lemma integrable_fractional_kernel_product:
  fixes g :: "real \<Rightarrow> 'a::euclidean_space"
  assumes \<alpha>: "0 < \<alpha>" "\<alpha> < 1" and g: "integrable lebesgue g"
  shows "integrable (lebesgue \<Otimes>\<^sub>M lebesgue) (\<lambda>(\<tau>, s). fractional_kernel \<alpha> t \<tau> s *\<^sub>R g \<tau>)"
proof (rule lebesgue_pair.Fubini_integrable)
  have "(\<lambda>p. g (fst p)) \<in> borel_measurable (lebesgue \<Otimes>\<^sub>M lebesgue)"
    using measurable_comp[OF measurable_fst borel_measurable_integrable[OF g]] by (simp add: o_def)
  from borel_measurable_scaleR[OF borel_measurable_fractional_kernel this]
  show "(\<lambda>(\<tau>, s). fractional_kernel \<alpha> t \<tau> s *\<^sub>R g \<tau>) \<in> borel_measurable (lebesgue \<Otimes>\<^sub>M lebesgue)"
    by (simp add: split_beta')
  have "(\<lambda>\<tau>. \<integral>s. norm (fractional_kernel \<alpha> t \<tau> s *\<^sub>R g \<tau>) \<partial>lebesgue)
      = (\<lambda>\<tau>. Beta (1 - \<alpha>) \<alpha> * norm (g \<tau>) * indicator {0..<t} \<tau>)"
    using fractional_kernel_integral[OF \<alpha>] fractional_kernel_nonneg
    by (auto simp: indicator_def fun_eq_iff)
  moreover have "integrable lebesgue (\<lambda>\<tau>. Beta (1 - \<alpha>) \<alpha> * norm (g \<tau>) * indicator {0..<t} \<tau>)"
    using g by (intro integrable_real_mult_indicator integrable_mult_right integrable_norm) auto
  ultimately show "integrable lebesgue (\<lambda>\<tau>. \<integral>s. norm (case_prod (\<lambda>\<tau> s. fractional_kernel \<alpha> t \<tau> s *\<^sub>R g \<tau>) (\<tau>, s)) \<partial>lebesgue)"
    by simp
  show "AE \<tau> in lebesgue. integrable lebesgue (\<lambda>s. case_prod (\<lambda>\<tau> s. fractional_kernel \<alpha> t \<tau> s *\<^sub>R g \<tau>) (\<tau>, s))"
    using fractional_kernel_integral[OF \<alpha>] by (auto intro!: integrable_scaleR_left)
qed

lemma integral_fractional_kernel_fst:
  fixes g :: "real \<Rightarrow> 'a::euclidean_space"
  assumes "integrable lebesgue (\<lambda>\<tau>. fractional_kernel \<alpha> t \<tau> s *\<^sub>R g \<tau>)"
  shows "(\<integral>\<tau>. fractional_kernel \<alpha> t \<tau> s *\<^sub>R g \<tau> \<partial>lebesgue)
    = (if 0 \<le> s \<and> s < t then (t - s) powr (\<alpha> - 1) *\<^sub>R integral {0..s} (\<lambda>\<tau>. (s - \<tau>) powr (-\<alpha>) *\<^sub>R g \<tau>) else 0)"
proof (cases "0 \<le> s \<and> s < t")
  case True
  define c where "c = (t - s) powr (\<alpha> - 1)"
  have c: "c > 0" using True by (simp add: c_def)
  have eq: "fractional_kernel \<alpha> t \<tau> s *\<^sub>R g \<tau> = c *\<^sub>R (indicator {0..s} \<tau> *\<^sub>R ((s - \<tau>) powr (-\<alpha>) *\<^sub>R g \<tau>))" for \<tau>
    using True by (auto simp: fractional_kernel_def c_def indicator_def)
  have si: "set_integrable lebesgue {0..s} (\<lambda>\<tau>. (s - \<tau>) powr (-\<alpha>) *\<^sub>R g \<tau>)"
    using integrable_scaleR_right[OF assms, of "1 / c"] c by (simp add: eq set_integrable_def)
  have "(\<integral>\<tau>. fractional_kernel \<alpha> t \<tau> s *\<^sub>R g \<tau> \<partial>lebesgue)
      = c *\<^sub>R (\<integral>\<tau>. indicator {0..s} \<tau> *\<^sub>R ((s - \<tau>) powr (-\<alpha>) *\<^sub>R g \<tau>) \<partial>lebesgue)"
    unfolding eq by (rule integral_scaleR_right)
  with set_lebesgue_integral_eq_integral(2)[OF si] show ?thesis
    using True by (simp add: c_def set_lebesgue_integral_def)
next
  case False
  then have "fractional_kernel \<alpha> t \<tau> s = 0" for \<tau>
    by (auto simp: fractional_kernel_def)
  then show ?thesis using False by auto
qed

lemma fractional_integral_composition:
  fixes g :: "real \<Rightarrow> 'a::euclidean_space"
  assumes \<alpha>: "0 < \<alpha>" "\<alpha> < 1" and g: "g absolutely_integrable_on {0..t}"
  shows "((\<lambda>s. (t - s) powr (\<alpha> - 1) *\<^sub>R integral {0..s} (\<lambda>\<tau>. (s - \<tau>) powr (-\<alpha>) *\<^sub>R g \<tau>))
           has_integral Beta (1 - \<alpha>) \<alpha> *\<^sub>R integral {0..t} g) {0..t}"
proof -
  define g0 where "g0 \<tau> = indicator {0..t} \<tau> *\<^sub>R g \<tau>" for \<tau>
  have g0: "integrable lebesgue g0" using g by (simp add: set_integrable_def g0_def[abs_def])
  define F where "F \<tau> s = fractional_kernel \<alpha> t \<tau> s *\<^sub>R g0 \<tau>" for \<tau> s
  have F: "integrable (lebesgue \<Otimes>\<^sub>M lebesgue) (case_prod F)"
    unfolding F_def using integrable_fractional_kernel_product[OF \<alpha> g0] by simp
  define G where "G s = (if s \<in> {0..t} then (t - s) powr (\<alpha> - 1) *\<^sub>R integral {0..s} (\<lambda>\<tau>. (s - \<tau>) powr (-\<alpha>) *\<^sub>R g \<tau>) else 0)" for s
  have "AE s in lebesgue. (\<integral>\<tau>. F \<tau> s \<partial>lebesgue) = G s"
    using lebesgue_pair.AE_integrable_snd[OF F]
  proof eventually_elim
    case (elim s)
    have "integral {0..s} (\<lambda>\<tau>. (s - \<tau>) powr (-\<alpha>) *\<^sub>R g0 \<tau>) = integral {0..s} (\<lambda>\<tau>. (s - \<tau>) powr (-\<alpha>) *\<^sub>R g \<tau>)"
      if "s \<le> t" using that by (intro integral_cong) (auto simp: g0_def)
    with integral_fractional_kernel_fst[OF elim[unfolded F_def]] show ?case
      by (auto simp: F_def G_def)
  qed
  from has_integral_AE_eq_lebesgue[OF lebesgue_pair.integrable_snd[OF F] this]
  have "(G has_integral (\<integral>\<tau>. (\<integral>s. F \<tau> s \<partial>lebesgue) \<partial>lebesgue)) UNIV"
    by (simp add: lebesgue_pair.Fubini_integral[OF F])
  moreover have "(\<integral>\<tau>. (\<integral>s. F \<tau> s \<partial>lebesgue) \<partial>lebesgue) = (\<integral>\<tau>. Beta (1 - \<alpha>) \<alpha> *\<^sub>R g0 \<tau> \<partial>lebesgue)"
  proof (rule integral_cong_AE)
    show "(\<lambda>\<tau>. \<integral>s. F \<tau> s \<partial>lebesgue) \<in> borel_measurable lebesgue"
      using lebesgue_pair.integrable_fst[OF F] by (rule borel_measurable_integrable)
    show "(\<lambda>\<tau>. Beta (1 - \<alpha>) \<alpha> *\<^sub>R g0 \<tau>) \<in> borel_measurable lebesgue"
      using borel_measurable_integrable[OF g0] by measurable
    have "{t} \<in> null_sets lebesgue" by simp
    then show "AE \<tau> in lebesgue. (\<integral>s. F \<tau> s \<partial>lebesgue) = Beta (1 - \<alpha>) \<alpha> *\<^sub>R g0 \<tau>"
      by (rule AE_I') (use fractional_kernel_integral[OF \<alpha>] in \<open>auto simp: F_def g0_def indicator_def integral_scaleR_left\<close>)
  qed
  moreover have "(\<integral>\<tau>. g0 \<tau> \<partial>lebesgue) = integral {0..t} g"
    using set_lebesgue_integral_eq_integral(2)[OF g] by (simp add: set_lebesgue_integral_def g0_def[abs_def])
  ultimately have "(G has_integral Beta (1 - \<alpha>) \<alpha> *\<^sub>R integral {0..t} g) UNIV"
    by simp
  then show ?thesis
    by (simp only: G_def[abs_def] has_integral_restrict_UNIV)
qed

lemma abs_cont_onD:
  assumes "abs_cont_on T x"
  shows "dx T x absolutely_integrable_on {0..T}"
    and "t \<in> {0..T} \<Longrightarrow> integral {0..t} (dx T x) = x t - x 0"
  using assms unfolding abs_cont_on_def by (metis add_diff_cancel_left')+

lemma abs_cont_on_imp_continuous_on:
  fixes x :: "real \<Rightarrow> 'a::euclidean_space"
  assumes "abs_cont_on T x"
  shows "continuous_on {0..T} x"
proof -
  have "continuous_on {0..T} (\<lambda>t. x 0 + integral {0..t} (dx T x))"
    using abs_cont_onD(1)[OF assms]
    by (intro continuous_intros indefinite_integral_continuous_1 set_lebesgue_integral_eq_integral(1))
  then show ?thesis
    by (rule continuous_on_eq) (simp add: abs_cont_onD(2)[OF assms])
qed

lemma caputo_integral_of_Lfrac:
  assumes "\<alpha> < 1" "s > 0" "Lfrac T \<alpha> x s = v"
  shows "integral {0..s} (\<lambda>\<tau>. (s - \<tau>) powr (-\<alpha>) *\<^sub>R dx T x \<tau>)
    = (Gamma (1 - \<alpha>) / Gamma (2 - \<alpha>) * s powr (1 - \<alpha>)) *\<^sub>R v"
proof -
  have pos: "Gamma (1 - \<alpha>) > 0" "Gamma (2 - \<alpha>) > 0" "s powr (1 - \<alpha>) > 0"
    using assms by auto
  then have "Gamma (1 - \<alpha>) / Gamma (2 - \<alpha>) * s powr (1 - \<alpha>)
      * (Gamma (2 - \<alpha>) / s powr (1 - \<alpha>) * (1 / Gamma (1 - \<alpha>))) = 1"
    by (simp add: field_simps)
  then show ?thesis
    unfolding assms(3)[symmetric] Lfrac_def caputo_def scaleR_scaleR using pos by simp
qed

definition Lfrac_kernel :: "real \<Rightarrow> real \<Rightarrow> real \<Rightarrow> real" where
  "Lfrac_kernel \<alpha> t s =
     Gamma (1 - \<alpha>) / (Gamma (2 - \<alpha>) * Beta (1 - \<alpha>) \<alpha>) * s powr (1 - \<alpha>) * (t - s) powr (\<alpha> - 1)"

lemma Lfrac_integral_equation:
  fixes x :: "real \<Rightarrow> 'a::euclidean_space" and f :: "real \<Rightarrow> 'a \<Rightarrow> 'a"
  assumes \<alpha>: "0 < \<alpha>" "\<alpha> < 1" and x: "abs_cont_on T x"
    and eq: "AE s in lebesgue. s \<in> {0<..T} \<longrightarrow> Lfrac T \<alpha> x s = f s (x s)"
    and t: "t \<in> {0..T}"
  shows "((\<lambda>s. Lfrac_kernel \<alpha> t s *\<^sub>R f s (x s)) has_integral x t - x 0) {0..t}"
proof -
  define B where "B = Beta (1 - \<alpha>) \<alpha>"
  have B: "B > 0" using \<alpha> by (simp add: B_def Beta_real_pos)
  have "dx T x absolutely_integrable_on {0..t}"
    by (rule set_integrable_subset[OF abs_cont_onD(1)[OF x]]) (use t in auto)
  moreover have "integral {0..t} (dx T x) = x t - x 0"
    using abs_cont_onD(2)[OF x t] .
  ultimately have composed: "((\<lambda>s. (t - s) powr (\<alpha> - 1) *\<^sub>R integral {0..s} (\<lambda>\<tau>. (s - \<tau>) powr (-\<alpha>) *\<^sub>R dx T x \<tau>))
      has_integral B *\<^sub>R (x t - x 0)) {0..t}"
    using fractional_integral_composition[OF \<alpha>, where g = "dx T x" and t = t] by (simp add: B_def)
  have "AE s in lborel. s \<in> {0..t} \<longrightarrow>
      (t - s) powr (\<alpha> - 1) *\<^sub>R integral {0..s} (\<lambda>\<tau>. (s - \<tau>) powr (-\<alpha>) *\<^sub>R dx T x \<tau>)
      = B *\<^sub>R (Lfrac_kernel \<alpha> t s *\<^sub>R f s (x s))"
    using eq[unfolded AE_completion_iff] AE_lborel_singleton[of 0]
  proof eventually_elim
    case (elim s)
    show ?case
    proof
      assume "s \<in> {0..t}"
      with elim t have "s > 0" "Lfrac T \<alpha> x s = f s (x s)" by auto
      from caputo_integral_of_Lfrac[OF \<alpha>(2) this]
      show "(t - s) powr (\<alpha> - 1) *\<^sub>R integral {0..s} (\<lambda>\<tau>. (s - \<tau>) powr (-\<alpha>) *\<^sub>R dx T x \<tau>)
          = B *\<^sub>R (Lfrac_kernel \<alpha> t s *\<^sub>R f s (x s))"
        using B by (simp add: Lfrac_kernel_def B_def)
    qed
  qed
  from composed has_integral_AE[OF this]
  have "((\<lambda>s. B *\<^sub>R (Lfrac_kernel \<alpha> t s *\<^sub>R f s (x s))) has_integral B *\<^sub>R (x t - x 0)) {0..t}"
    by simp
  then show ?thesis
    using B by (subst (asm) has_integral_cmul_iff) auto
qed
◇ ◇ ◇ ◇ ◇
Starting at the first line of the entries above, please extract each line up to and including the line with "by (auto simp: indicator_def fun_eq_iff)", unchanged, and add nothing.

* _EXERCISE OUTPUT_:
lemma integrable_fractional_kernel_product:
  fixes g :: "real \<Rightarrow> 'a::euclidean_space"
  assumes \<alpha>: "0 < \<alpha>" "\<alpha> < 1" and g: "integrable lebesgue g"
  shows "integrable (lebesgue \<Otimes>\<^sub>M lebesgue) (\<lambda>(\<tau>, s). fractional_kernel \<alpha> t \<tau> s *\<^sub>R g \<tau>)"
proof (rule lebesgue_pair.Fubini_integrable)
  have "(\<lambda>p. g (fst p)) \<in> borel_measurable (lebesgue \<Otimes>\<^sub>M lebesgue)"
    using measurable_comp[OF measurable_fst borel_measurable_integrable[OF g]] by (simp add: o_def)
  from borel_measurable_scaleR[OF borel_measurable_fractional_kernel this]
  show "(\<lambda>(\<tau>, s). fractional_kernel \<alpha> t \<tau> s *\<^sub>R g \<tau>) \<in> borel_measurable (lebesgue \<Otimes>\<^sub>M lebesgue)"
    by (simp add: split_beta')
  have "(\<lambda>\<tau>. \<integral>s. norm (fractional_kernel \<alpha> t \<tau> s *\<^sub>R g \<tau>) \<partial>lebesgue)
      = (\<lambda>\<tau>. Beta (1 - \<alpha>) \<alpha> * norm (g \<tau>) * indicator {0..<t} \<tau>)"
    using fractional_kernel_integral[OF \<alpha>] fractional_kernel_nonneg
    by (auto simp: indicator_def fun_eq_iff)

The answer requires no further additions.